**Description of the task**
Filter the data for "rule" and copy matching lines.

**Collected data**
text \<open>The amplitude hypothesis says \<open>\<psi> = c \<Sum>\<^sub>x |x\<rangle> \<otimes> U|x\<rangle>\<close>, so the reduced state of the
  first register is \<open>|c|\<^sup>2 1\<close>.\<close>
lemma maximally_entangled_expectation:
  assumes U: "U \<in> carrier_mat n n" and UU: "dagger U * U = 1\<^sub>m n"
    and Q: "Q \<in> carrier_mat n n" and \<psi>: "\<psi> \<in> carrier_mat (n*n) 1"
    and amplitudes: "\<And>i. i < n*n \<Longrightarrow> \<psi>$$(i,0) = c * U$$(i mod n, i div n)"
  shows "(dagger \<psi> * kron Q (1\<^sub>m n) * \<psi>)$$(0,0) = cnj c * c * tr Q"
proof -
  let ?K = "kron Q (1\<^sub>m n)"
  have K: "?K \<in> carrier_mat (n*n) (n*n)" using Q by simp
  have columns: "(\<Sum>y<n. cnj (U$$(y,x)) * U$$(y,x')) = (if x = x' then 1 else 0)"
    if "x < n" "x' < n" for x x'
  proof -
    have "(dagger U * U)$$(x,x') = (\<Sum>y<n. cnj (U$$(y,x)) * U$$(y,x'))"
      using U that by (simp add: scalar_prod_def atLeast0LessThan)
    then show ?thesis using UU that by simp
  qed
  have K_index: "?K $$ (x*n+y, x'*n+y') = Q$$(x,x') * (if y = y' then 1 else 0)"
    if "x < n" "y < n" "x' < n" "y' < n" for x y x' y'
    using that Q mult_add_less_mult[of x n y n] mult_add_less_mult[of x' n y' n] by simp
  have \<psi>_index: "\<psi>$$(x*n+y,0) = c * U$$(y,x)" if "x < n" "y < n" for x y
    using that amplitudes[OF mult_add_less_mult[OF that]] by simp
  have dims: "dim_row Q = n" "dim_col Q = n" "dim_row \<psi> = n*n" "dim_col \<psi> = 1"
    using Q \<psi> by auto
  have "(dagger \<psi> * ?K * \<psi>)$$(0,0) = (\<Sum>i<n*n. (dagger \<psi> * ?K)$$(0,i) * \<psi>$$(i,0))"
    using dims by (simp add: scalar_prod_def atLeast0LessThan)
  also have "\<dots> = (\<Sum>i<n*n. (\<Sum>j<n*n. cnj (\<psi>$$(j,0)) * ?K$$(j,i)) * \<psi>$$(i,0))"
    by (rule sum.cong) (use dims in \<open>simp_all add: scalar_prod_def atLeast0LessThan\<close>)
  also have "\<dots> = (\<Sum>j<n*n. \<Sum>i<n*n. cnj (\<psi>$$(j,0)) * ?K$$(j,i) * \<psi>$$(i,0))"
    by (simp add: sum_distrib_right, rule sum.swap)
  also have "\<dots> = (\<Sum>x<n. \<Sum>y<n. \<Sum>x'<n. \<Sum>y'<n.
      cnj (\<psi>$$(x*n+y,0)) * ?K$$(x*n+y,x'*n+y') * \<psi>$$(x'*n+y',0))"
    by (simp only: sum_lessThan_mult_split)
  also have "\<dots> = (\<Sum>x<n. \<Sum>y<n. \<Sum>x'<n. \<Sum>y'<n.
      if y = y' then cnj c * c * (cnj (U$$(y,x)) * Q$$(x,x') * U$$(y,x')) else 0)"
    by (intro sum.cong refl) (simp add: K_index \<psi>_index)
  also have "\<dots> = (\<Sum>x<n. \<Sum>y<n. \<Sum>x'<n. cnj c * c * (cnj (U$$(y,x)) * Q$$(x,x') * U$$(y,x')))"
    by (intro sum.cong refl) simp
  also have "\<dots> = (\<Sum>x<n. \<Sum>x'<n. cnj c * c * (Q$$(x,x') * (\<Sum>y<n. cnj (U$$(y,x)) * U$$(y,x'))))"
    by (rule sum.cong[OF refl], subst sum.swap, rule sum.cong[OF refl])
      (simp add: sum_distrib_left ac_simps)
  also have "\<dots> = (\<Sum>x<n. \<Sum>x'<n. if x = x' then cnj c * c * Q$$(x,x) else 0)"
    by (intro sum.cong refl) (simp add: columns)
  also have "\<dots> = cnj c * c * tr Q"
    using Q by (simp add: tr_def sum_distrib_left)
  finally show ?thesis .
qed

**Answer to this problem**
    by (rule sum.cong) (use dims in \<open>simp_all add: scalar_prod_def atLeast0LessThan\<close>)
    by (simp add: sum_distrib_right, rule sum.swap)
    by (rule sum.cong[OF refl], subst sum.swap, rule sum.cong[OF refl])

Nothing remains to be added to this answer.